## Part 1: Data Scraping

The purpose of this section is to scrape the red light camera locations from the website and save them into a dataframe.

In [34]:
# Standard imports
import numpy as np
import pandas as pd

# For web data scraping
import requests
from bs4 import BeautifulSoup

# For adding delays so that we don't spam requests
import time

The data is avaliable at city of Toronto's website, however, scraping the list is disallowed. The same list is found in insurancexperts.ca, which will be used for scraping.

Add `robots.txt` at the end of website url to check permissions

In [35]:
# Send the get request
response = requests.get('https://insurancexperts.ca/red-light-cameras-toronto-list-2019/')

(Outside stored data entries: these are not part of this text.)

text \<open>By \<open>col_act_mult\<close> the induced action on colorings is a right action; acting by inverses
  turns it into the left action that \<open>group_action\<close> requires.\<close>

lemma (in group_action) coloring_action:
  assumes "\<Phi> \<subseteq> extensional E" "\<And>g f. g \<in> carrier G \<Longrightarrow> f \<in> \<Phi> \<Longrightarrow> col_act \<phi> E g f \<in> \<Phi>"
  shows "group_action G \<Phi> (\<lambda>g. \<lambda>f\<in>\<Phi>. col_act \<phi> E (inv g) f)"
proof (rule group_actionI)
  show "col_act \<phi> E (inv \<one>) f = f" if "f \<in> \<Phi>" for f
    using that assms(1) col_act_one by auto
  show "col_act \<phi> E (inv (g \<otimes> h)) f = col_act \<phi> E (inv g) (col_act \<phi> E (inv h) f)"
    if "g \<in> carrier G" "h \<in> carrier G" for g h f
    using that by (simp add: col_act_mult inv_mult_group)
qed (use assms(2) is_group in auto)

lemma (in group_action) orbit_coloring_action:
  assumes f: "f \<in> \<Phi>"
  shows "orbit G (\<lambda>g. \<lambda>f\<in>\<Phi>. col_act \<phi> E (inv g) f) f = {col_act \<phi> E g f | g. g \<in> carrier G}"
proof (intro equalityI subsetI)
  fix f'
  assume "f' \<in> orbit G (\<lambda>g. \<lambda>f\<in>\<Phi>. col_act \<phi> E (inv g) f) f"
  then obtain g where "g \<in> carrier G" "f' = col_act \<phi> E (inv g) f"
    using f by (auto simp: orbit_def)
  then show "f' \<in> {col_act \<phi> E g f | g. g \<in> carrier G}"
    using inv_closed by blast
next
  fix f'
  assume "f' \<in> {col_act \<phi> E g f | g. g \<in> carrier G}"
  then obtain g where g: "g \<in> carrier G" "f' = col_act \<phi> E g f"
    by blast
  then have "f' = (\<lambda>f\<in>\<Phi>. col_act \<phi> E (inv (inv g)) f) f"
    using f by simp
  then show "f' \<in> orbit G (\<lambda>g. \<lambda>f\<in>\<Phi>. col_act \<phi> E (inv g) f) f"
    using g(1) inv_closed unfolding orbit_def by blast
qed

# Turn the response.content into a Beautiful Soup object
soup = BeautifulSoup(response.content)

In [36]:
rlc_locations = []

# Pull out all the HTML elements from the list and save to 'rlc_locations'
ol = soup.ol

for li in ol.findAll('li'):
    rlc_locations.append(li.text)

# Check the list length
len(rlc_locations)

148

In [37]:
# Save the formatted locations to a dataframe
rlc_df = pd.DataFrame({'location': rlc_locations})

In [38]:
# Check the dataframe
rlc_df.head()

Unnamed: 0,location
0,ADELAIDE ST E PARLIAMENT ST
1,ALBION RD KIPLING AVE
2,ALBION RD SILVERSTONE DR
3,AVENUE RD LAWRENCE AVE W
4,BATHURST ST DAVENPORT RD


In [39]:
# Replace special characters to &
rlc_df.replace('\xa0 \xa0', '&',regex=True,inplace=True)

In [40]:
# Check the final dataframe
rlc_df.head()

Unnamed: 0,location
0,ADELAIDE ST E&PARLIAMENT ST
1,ALBION RD&KIPLING AVE
2,ALBION RD&SILVERSTONE DR
3,AVENUE RD&LAWRENCE AVE W
4,BATHURST ST&DAVENPORT RD


In [41]:
# Save the dataframe to csv file for later use
rlc_df.to_csv('data/rlc.csv', encoding='utf-8', index=False)